**** Extracted information
lemma z_bounded:
  obtains Z where "Z > 0" "\<And>s. s \<in> {-T..0} \<Longrightarrow> norm (z s) \<le> Z"
proof -
  have "bounded (z ` {-T..0})"
    by (rule compact_imp_bounded[OF compact_continuous_image[OF z_continuous compact_Icc]])
  then show ?thesis
    using that unfolding bounded_pos by blast
qed

lemma integrable_along:
  assumes "continuous_on {-T..0} p" "e \<in> {0..1}"
  shows "(\<lambda>s. z s \<bullet> g (s + \<tau>) (p s) e) integrable_on {-T..0}"
proof -
  have "continuous_on {-T..0} ((\<lambda>(t, y, e). g t y e) \<circ> (\<lambda>s. (s + \<tau>, p s, e)))"
    using assms by (intro continuous_on_compose continuous_intros continuous_on_subset[OF g_cont]) auto
  then show ?thesis
    unfolding o_def by (intro integrable_continuous_real continuous_intros z_continuous) simp
qed

lemma orbit_neighbourhood:
  obtains S L where "compact S" "convex S" "\<And>t y. norm (y - x0 t) \<le> 1 \<Longrightarrow> y \<in> S"
    and "L \<ge> 0" "\<And>a b. a \<in> S \<Longrightarrow> b \<in> S \<Longrightarrow> norm (f a - f b) \<le> L * norm (a - b)"
proof -
  have "bounded (x0 ` {0..T})"
    by (rule compact_imp_bounded[OF compact_continuous_image[OF x0_continuous compact_Icc]])
  then obtain B where B: "\<And>s. s \<in> {0..T} \<Longrightarrow> norm (x0 s) \<le> B"
    unfolding bounded_iff by blast
  have x0_bound: "norm (x0 t) \<le> B" for t
  proof -
    obtain s where "s \<in> {0..<T}" "x0 t = x0 s"
      using periodic_value_in_period[of x0 T, OF x0_periodic T_pos] .
    then show ?thesis
      using B[of s] by simp
  qed
  have near: "y \<in> cball 0 (B + 1)" if "norm (y - x0 t) \<le> 1" for t y
    using that norm_triangle_sub[of y "x0 t"] x0_bound[of t] by simp
  obtain L where "L \<ge> 0" "\<And>a b. a \<in> cball 0 (B + 1) \<Longrightarrow> b \<in> cball 0 (B + 1) \<Longrightarrow>
      norm (f a - f b) \<le> L * norm (a - b)"
    using C1_lipschitz_on_convex[of "cball 0 (B + 1)" f Df, OF has_derivative_at_withinI[OF f_deriv]
        continuous_on_subset[OF Df_cont subset_UNIV] compact_cball convex_cball] by blast
  with near show ?thesis
    using that[of "cball 0 (B + 1)"] by simp
qed

lemma x0_no_early_return:
  assumes "0 < \<tau>" "\<tau> < T"
  shows "x0 \<tau> \<noteq> x0 0"
proof
  assume return: "x0 \<tau> = x0 0"
  obtain S L where S: "\<And>t y. norm (y - x0 t) \<le> 1 \<Longrightarrow> y \<in> S"
    and L: "L \<ge> 0" and lip: "\<And>a b. a \<in> S \<Longrightarrow> b \<in> S \<Longrightarrow> norm (f a - f b) \<le> L * norm (a - b)"
    using orbit_neighbourhood by metis
  have x0S: "x0 t \<in> S" for t
    using S[of "x0 t" t] by simp
  have shifted: "((\<lambda>s. x0 (s + \<tau>)) has_vector_derivative f (x0 (s + \<tau>)) + 0) (at s within A)" for s A
    using has_vector_derivative_at_within[OF has_vector_derivative_translate[OF x0_deriv]] by simp
  have "norm (x0 (s + \<tau>) - x0 s) \<le> 0 * (T - 0) * exp (L * (T - 0))" if "s \<in> {0..T}" for s
    using T_pos return
    by (intro perturbed_solution_deviation[OF _ shifted has_vector_derivative_at_within[OF x0_deriv]
        _ x0S x0S lip L _ that]) simp_all
  then have on_period: "x0 (s + \<tau>) - x0 s = 0" if "s \<in> {0..<T}" for s
    using that by auto
  have "x0 (t + \<tau>) - x0 t = 0" for t
  proof -
    have "x0 (t + T + \<tau>) - x0 (t + T) = x0 (t + \<tau>) - x0 t" for t
      using x0_periodic[of "t + \<tau>"] x0_periodic[of t] by (simp add: algebra_simps)
    then obtain s where "s \<in> {0..<T}" "x0 (t + \<tau>) - x0 t = x0 (s + \<tau>) - x0 s"
      using periodic_value_in_period[of "\<lambda>t. x0 (t + \<tau>) - x0 t" T, OF _ T_pos]
      by blast
    then show ?thesis
      using on_period by simp
  qed
  then show False
    using x0_least[OF assms] by simp
qed

lemma x0_away_from_start:
  assumes "0 < \<gamma>" "2 * \<gamma> < T"
  obtains \<epsilon> where "\<epsilon> > 0" "\<And>t. t \<in> {\<gamma>..T - \<gamma>} \<Longrightarrow> \<epsilon> \<le> norm (x0 t - x0 0)"
proof -
  have "{\<gamma>..T - \<gamma>} \<noteq> {}"
    using assms by simp
  moreover have "continuous_on {\<gamma>..T - \<gamma>} (\<lambda>t. norm (x0 t - x0 0))"
    by (intro continuous_intros x0_continuous)
  ultimately obtain t0 where t0: "t0 \<in> {\<gamma>..T - \<gamma>}"
    "\<And>t. t \<in> {\<gamma>..T - \<gamma>} \<Longrightarrow> norm (x0 t0 - x0 0) \<le> norm (x0 t - x0 0)"
    using continuous_attains_inf[OF compact_Icc] by blast
  moreover have "x0 t0 \<noteq> x0 0"
    using x0_no_early_return t0(1) assms by auto
  ultimately show ?thesis
    using that[of "norm (x0 t0 - x0 0)"] by simp
qed

lemma x_uniform_convergence:
  assumes "\<epsilon> > 0"
  obtains \<delta> where "\<delta> > 0" "\<And>e t. e \<in> {0<..1} \<Longrightarrow> e < \<delta> \<Longrightarrow> norm (x e t - x0 t) < \<epsilon>"
proof -
  obtain \<delta> where \<delta>: "\<delta> > 0" "\<And>e t. e \<in> {0<..1} \<Longrightarrow> e < \<delta> \<Longrightarrow> t \<in> {0..T} \<Longrightarrow> norm (x e t - x0 t) < \<epsilon>"
    using x_conv[OF assms] by blast
  have "norm (x e t - x0 t) < \<epsilon>" if e: "e \<in> {0<..1}" "e < \<delta>" for e t
  proof -
    obtain s where "s \<in> {0..<T}" "x e t - x0 t = x e s - x0 s"
      using periodic_value_in_period[of "\<lambda>t. x e t - x0 t" T, OF _ T_pos] x_per[OF e(1)] x0_periodic
      by auto
    then show ?thesis
      using \<delta>(2)[OF e] by simp
  qed
  then show ?thesis
    using that \<delta>(1) by blast
qed

lemma hit_near_start:
  assumes "\<gamma> > 0"
  obtains \<delta> where "\<delta> > 0" "\<And>e t. e \<in> {0<..1} \<Longrightarrow> e < \<delta> \<Longrightarrow> t \<in> {0..T} \<Longrightarrow> x e t = x0 0 \<Longrightarrow>
      \<exists>\<tau>. \<bar>\<tau>\<bar> < \<gamma> \<and> x e \<tau> = x0 0"
proof -
  define \<gamma>' where "\<gamma>' = min \<gamma> (T / 3)"
  have \<gamma>': "0 < \<gamma>'" "2 * \<gamma>' < T" "\<gamma>' \<le> \<gamma>"
    unfolding \<gamma>'_def using assms T_pos by auto
  obtain \<epsilon> where \<epsilon>: "\<epsilon> > 0" "\<And>t. t \<in> {\<gamma>'..T - \<gamma>'} \<Longrightarrow> \<epsilon> \<le> norm (x0 t - x0 0)"
    using x0_away_from_start[OF \<gamma>'(1,2)] by blast
  obtain \<delta> where \<delta>: "\<delta> > 0" "\<And>e t. e \<in> {0<..1} \<Longrightarrow> e < \<delta> \<Longrightarrow> norm (x e t - x0 t) < \<epsilon>"
    using x_uniform_convergence[OF \<epsilon>(1)] by blast
  have "\<exists>\<tau>. \<bar>\<tau>\<bar> < \<gamma> \<and> x e \<tau> = x0 0"
    if e: "e \<in> {0<..1}" "e < \<delta>" and t: "t \<in> {0..T}" and hit: "x e t = x0 0" for e t
  proof -
    have "t \<notin> {\<gamma>'..T - \<gamma>'}"
      using \<delta>(2)[OF e, of t] \<epsilon>(2)[of t] hit by (auto simp: norm_minus_commute)
    then consider "t < \<gamma>'" | "T - \<gamma>' < t"
      by fastforce
    then show ?thesis
    proof cases
      case 1
      then show ?thesis
        using t \<gamma>' hit by (intro exI[of _ t]) auto
    next
      case 2
      then show ?thesis
        using t \<gamma>' hit x_per[OF e(1), of "t - T"] by (intro exI[of _ "t - T"]) auto
    qed
  qed
  then show ?thesis
    using that \<delta>(1) by blast
qed

lemma deviation_after_hit:
  obtains C where "C \<ge> 0" "\<And>e \<tau> s. e \<in> {0<..1} \<Longrightarrow> \<bar>\<tau>\<bar> \<le> T \<Longrightarrow> x e \<tau> = x0 0 \<Longrightarrow>
      (\<And>t. norm (x e t - x0 t) \<le> 1) \<Longrightarrow> s \<in> {-T..0} \<Longrightarrow> norm (x e (s + \<tau>) - x0 s) \<le> e * C"
proof -
  obtain S L where "compact S" "convex S" and S: "\<And>t y. norm (y - x0 t) \<le> 1 \<Longrightarrow> y \<in> S"
    and L: "L \<ge> 0" and lip: "\<And>a b. a \<in> S \<Longrightarrow> b \<in> S \<Longrightarrow> norm (f a - f b) \<le> L * norm (a - b)"
    using orbit_neighbourhood by metis
  define D where "D = {-2*T..2*T} \<times> S \<times> {0..1::real}"
  have "compact ((\<lambda>(t, y, e). g t y e) ` D)"
    unfolding D_def using \<open>compact S\<close>
    by (intro compact_continuous_image continuous_on_subset[OF g_cont] compact_Times compact_Icc) auto
  then obtain G where G: "\<And>t y e. (t, y, e) \<in> D \<Longrightarrow> norm (g t y e) \<le> G" "G > 0"
    by (fastforce dest!: compact_imp_bounded simp: bounded_pos)
  define C where "C = G * T * exp (L * T)"
  have "norm (x e (s + \<tau>) - x0 s) \<le> e * C"
    if e: "e \<in> {0<..1}" and \<tau>: "\<bar>\<tau>\<bar> \<le> T" and hit: "x e \<tau> = x0 0"
      and close: "\<And>t. norm (x e t - x0 t) \<le> 1" and s: "s \<in> {-T..0}" for e \<tau> s
  proof -
    have "norm (e *\<^sub>R g (r + \<tau>) (x e (r + \<tau>)) e) \<le> e * G" if "r \<in> {-T..0}" for r
    proof -
      have "(r + \<tau>, x e (r + \<tau>), e) \<in> D"
        unfolding D_def using that \<tau> e S[OF close] by auto
      then show ?thesis
        using G(1) e by (simp add: mult_left_mono)
    qed
    moreover have "x e (- T + \<tau>) = x0 (- T)"
      using x_per[OF e, of "- T + \<tau>"] x0_periodic[of "- T"] hit by simp
    ultimately have "norm (x e (s + \<tau>) - x0 s) \<le> e * G * (0 - - T) * exp (L * (0 - - T))"
      using T_pos S[OF close] S[of "x0 r" r for r]
      by (intro perturbed_solution_deviation[OF _ has_vector_derivative_at_within[OF
            has_vector_derivative_translate[OF x_sol[OF e]]]
          has_vector_derivative_at_within[OF x0_deriv] _ _ _ lip L _ s]) auto
    then show ?thesis
      unfolding C_def by (simp add: mult.assoc)
  qed
  moreover have "C \<ge> 0"
    unfolding C_def using G(2) T_pos by simp
  ultimately show ?thesis
    using that by blast
qed

definition melnikov_integral :: real where
  "melnikov_integral = integral {-T..0} (\<lambda>s. z s \<bullet> g s (x0 s) 0)"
********
Copy out each line in the preceding records that contains "shows".

  shows "(\<lambda>s. z s \<bullet> g (s + \<tau>) (p s) e) integrable_on {-T..0}"
  shows "x0 \<tau> \<noteq> x0 0"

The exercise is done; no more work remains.